Movie Review: Uses for HS chem classes are endless Summary: 4 Stars
this is a great movie to teach students about the atomic bomb and its creation. I use it in my chemistry class all the time
Movie Review: You also might be interested in the great mini-series "Oppenheimer"... Summary: 3 Stars
The BBC released the great mini-series "Oppenheimer" on Region Two DVD format last year.
This great mini-series is still felt to be the best re-creation on film of the people and events leading up to the explosions of the atomic bombs in August 1945. A young SAM WATERSTON plays Oppenheimer brilliantly.
It took years for the BBC to decide to release the series in DVD format, and then it was only in Region Two (PAL), the format used in the UK.
You'd think that they'd release it on Region One (US format), given the fact thatit starts Sam Waterson. However, it has not yet been released in the US.
The three-disc series, which also stars a brilliant David Suchet as Edward Teller, is available thru Amazon in the UK (www.amazon.co.uk) and on eBay in the UK (www.ebay.co.uk) for about $22.00 plus shipping.

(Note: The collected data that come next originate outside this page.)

text \<open>The map \<open>((a, b), (c, e), z) \<mapsto> (a + \<delta>\<^sub>2 z, c, e)\<close> from \<open>\<Sigma>C~\<close> to \<open>C~\<close> (lowering degrees
  by 2) is a chain map because \<open>d \<delta>\<^sub>2 = \<delta>\<^sub>2 r\<close>, which is one entry of \<open>d~\<^sup>2 = 0\<close>. It is split by
  the inclusion \<open>(x, y, w) \<mapsto> ((x, 0), (y, w), 0)\<close>, and the composite in the other order is
  chain homotopic to the identity via \<open>((a, b), (c, e), z) \<mapsto> ((0, z), (0, 0), 0)\<close>. So the
  projection is a deformation retraction and induces isomorphisms on homology.\<close>

definition chain_map ::
  "int \<Rightarrow> (int \<Rightarrow> 'm set) \<Rightarrow> (int \<Rightarrow> 'm \<Rightarrow> 'm::ab_group_add) \<Rightarrow>
   (int \<Rightarrow> 'n set) \<Rightarrow> (int \<Rightarrow> 'n \<Rightarrow> 'n::ab_group_add) \<Rightarrow> (int \<Rightarrow> 'm \<Rightarrow> 'n) \<Rightarrow> bool" where
  "chain_map s M D N E f \<longleftrightarrow>
     (\<forall>i. \<forall>x\<in>M i. f i x \<in> N (i + s) \<and> f (i - 1) (D i x) = E (i + s) (f i x))"

definition chain_homotopy ::
  "(int \<Rightarrow> 'm set) \<Rightarrow> (int \<Rightarrow> 'm \<Rightarrow> 'm::ab_group_add) \<Rightarrow>
   (int \<Rightarrow> 'n set) \<Rightarrow> (int \<Rightarrow> 'n \<Rightarrow> 'n::ab_group_add) \<Rightarrow>
   (int \<Rightarrow> 'm \<Rightarrow> 'n) \<Rightarrow> (int \<Rightarrow> 'm \<Rightarrow> 'n) \<Rightarrow> (int \<Rightarrow> 'm \<Rightarrow> 'n) \<Rightarrow> bool" where
  "chain_homotopy M D N E f f' h \<longleftrightarrow>
     (\<forall>i. \<forall>x\<in>M i. h i x \<in> N (i + 1) \<and> f i x - f' i x = E (i + 1) (h i x) + h (i - 1) (D i x))"

lemma chain_map_cycles:
  assumes "chain_map s M D N E f" and "f (j - 1) 0 = 0"
  shows "f j ` cycles M D j \<subseteq> cycles N E (j + s)"
proof
  fix y assume "y \<in> f j ` cycles M D j"
  then obtain x where x: "x \<in> M j" "D j x = 0" and y: "y = f j x"
    by (auto simp: cycles_def)
  with assms have "f j x \<in> N (j + s)" and "E (j + s) (f j x) = 0"
    unfolding chain_map_def by metis+
  with y show "y \<in> cycles N E (j + s)"
    by (simp add: cycles_def)
qed

lemma chain_map_boundaries:
  assumes "chain_map s M D N E f"
  shows "f j ` boundaries M D j \<subseteq> boundaries N E (j + s)"
proof
  fix y assume "y \<in> f j ` boundaries M D j"
  then obtain x where x: "x \<in> M (j + 1)" and y: "y = f j (D (j + 1) x)"
    by (auto simp: boundaries_def)
  with assms have "y = E (j + 1 + s) (f (j + 1) x)" and "f (j + 1) x \<in> N (j + 1 + s)"
    unfolding chain_map_def by (metis add_diff_cancel_right')+
  then show "y \<in> boundaries N E (j + s)"
    by (simp add: boundaries_def ac_simps)
qed

lemma chain_homotopy_cycles:
  assumes "chain_homotopy M D N E f f' h" and "h (j - 1) 0 = 0" and "z \<in> cycles M D j"
  shows "f j z - f' j z \<in> boundaries N E j"
  using assms by (auto simp: chain_homotopy_def cycles_def boundaries_def)

lemma boundaries_add:
  assumes "\<And>x y. x \<in> M (j + 1) \<Longrightarrow> y \<in> M (j + 1) \<Longrightarrow> x + y \<in> M (j + 1)"
    and "\<And>x y. x \<in> M (j + 1) \<Longrightarrow> y \<in> M (j + 1) \<Longrightarrow> D (j + 1) (x + y) = D (j + 1) x + D (j + 1) y"
    and "x \<in> boundaries M D j" and "y \<in> boundaries M D j"
  shows "x + y \<in> boundaries M D j"
proof -
  from assms(3,4) obtain x' y' where "x' \<in> M (j + 1)" "y' \<in> M (j + 1)"
    and "x = D (j + 1) x'" "y = D (j + 1) y'"
    by (auto simp: boundaries_def)
  with assms(1,2) have "x + y = D (j + 1) (x' + y')" and "x' + y' \<in> M (j + 1)"
    by simp_all
  then show ?thesis
    by (simp add: boundaries_def)
qed

lemma homology_iso_of_section:
  assumes f_add: "\<forall>x\<in>cycles M D j. \<forall>y\<in>cycles M D j. f (x + y) = f x + f y"
    and f_smult: "\<forall>c. \<forall>x\<in>cycles M D j. f (S c x) = T c (f x)"
    and f_cycles: "f ` cycles M D j \<subseteq> cycles N E k"
    and f_boundaries: "f ` boundaries M D j \<subseteq> boundaries N E k"
    and g_cycles: "g ` cycles N E k \<subseteq> cycles M D j"
    and g_boundaries: "g ` boundaries N E k \<subseteq> boundaries M D j"
    and f_g: "\<forall>y\<in>cycles N E k. f (g y) = y"
    and zero_boundary: "0 \<in> boundaries N E k"
    and cycle_diff: "\<forall>x\<in>cycles M D j. x - g (f x) \<in> boundaries M D j"
    and boundaries_closed: "\<forall>x\<in>boundaries M D j. \<forall>y\<in>boundaries M D j. x + y \<in> boundaries M D j"
  shows "homology_iso M D S j N E T k"
  unfolding homology_iso_def
proof (intro exI[of _ f] conjI f_add f_smult f_cycles f_boundaries ballI impI)
  fix y assume "y \<in> cycles N E k"
  then show "\<exists>x\<in>cycles M D j. f x - y \<in> boundaries N E k"
    using g_cycles f_g zero_boundary by (intro bexI[of _ "g y"]) auto
next
  fix x assume x: "x \<in> cycles M D j" and "f x \<in> boundaries N E k"
  then have "g (f x) \<in> boundaries M D j"
    using g_boundaries f_cycles f_g by blast
  with x have "(x - g (f x)) + g (f x) \<in> boundaries M D j"
    using cycle_diff boundaries_closed by blast
  then show "x \<in> boundaries M D j" by simp
qed

lemma fvec_zero [simp]: "0 \<in> fvec n j"
  by (simp add: fvec_def)

lemma fvec_add: "x \<in> fvec n j \<Longrightarrow> y \<in> fvec n j \<Longrightarrow> x + y \<in> (fvec n j :: 'a::monoid_add vec set)"
  by (simp add: fvec_def)

lemma vsmult_add: "vsmult (c::'a::comm_ring_1) (x + y) = vsmult c x + vsmult c y"
  by (simp add: vsmult_def fun_eq_iff distrib_left)

lemma graded_map_closed: "graded_map n m k f \<Longrightarrow> x \<in> fvec n j \<Longrightarrow> f j x \<in> fvec m (j + k)"
  by (simp add: graded_map_def)

lemma graded_map_add:
  "graded_map n m k f \<Longrightarrow> x \<in> fvec n j \<Longrightarrow> y \<in> fvec n j \<Longrightarrow> f j (x + y) = f j x + f j y"
  by (simp add: graded_map_def)

lemma graded_map_smult: "graded_map n m k f \<Longrightarrow> x \<in> fvec n j \<Longrightarrow> f j (vsmult c x) = vsmult c (f j x)"
  by (simp add: graded_map_def)

lemma graded_map_zero: "graded_map n m k f \<Longrightarrow> f j 0 = 0"
  using graded_map_add[of n m k f 0 j 0] by simp

type_synonym 'a St_vec = "'a vec \<times> 'a vec \<times> 'a vec"
type_synonym 'a Sigma_vec = "('a vec \<times> 'a vec) \<times> ('a vec \<times> 'a vec) \<times> 'a vec"

definition Sigma_proj :: "(int \<Rightarrow> 'a vec \<Rightarrow> 'a vec) \<Rightarrow> int \<Rightarrow> 'a::plus Sigma_vec \<Rightarrow> 'a St_vec" where
  "Sigma_proj delta2 j = (\<lambda>((a, b), (c, e), z). (a + delta2 j z, c, e))"

definition Sigma_incl :: "'a::zero St_vec \<Rightarrow> 'a Sigma_vec" where
  "Sigma_incl = (\<lambda>(x, y, w). ((x, 0), (y, w), 0))"

definition Sigma_homotopy :: "'a::zero Sigma_vec \<Rightarrow> 'a Sigma_vec" where
  "Sigma_homotopy = (\<lambda>((a, b), (c, e), z). ((0, z), (0, 0), 0))"

lemma Sigma_carrier_add:
  assumes "X \<in> Sigma_carrier nC nR j" and "Y \<in> Sigma_carrier nC nR j"
  shows "X + Y \<in> (Sigma_carrier nC nR j :: 'a::monoid_add Sigma_vec set)"
  using assms by (auto simp: Sigma_carrier_def mem_Times_iff intro: fvec_add)

lemma Sigma_incl_zero [simp]: "Sigma_incl 0 = 0"
  by (simp add: Sigma_incl_def zero_prod_def)

lemma Sigma_homotopy_zero [simp]: "Sigma_homotopy 0 = 0"
  by (simp add: Sigma_homotopy_def zero_prod_def)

Multi-format players are available in the US. It is my understanding that they have to be hacked to play other formats than Region 1,? due to licensing restrictions. I purchased an inexpensive player on eBay (US), which with shipping cost $50.00. The supplier provided the easy instructions to adapt it to Region Two format.
It is worth going to all of this effort to view again this great mini-series, which was virtually ignored in the US when it was shown here, but which remains unrivaled for both its acting and its accurate re-creation of the events surrounding Oppenheimer, his downfall, and the creation of the atomic age.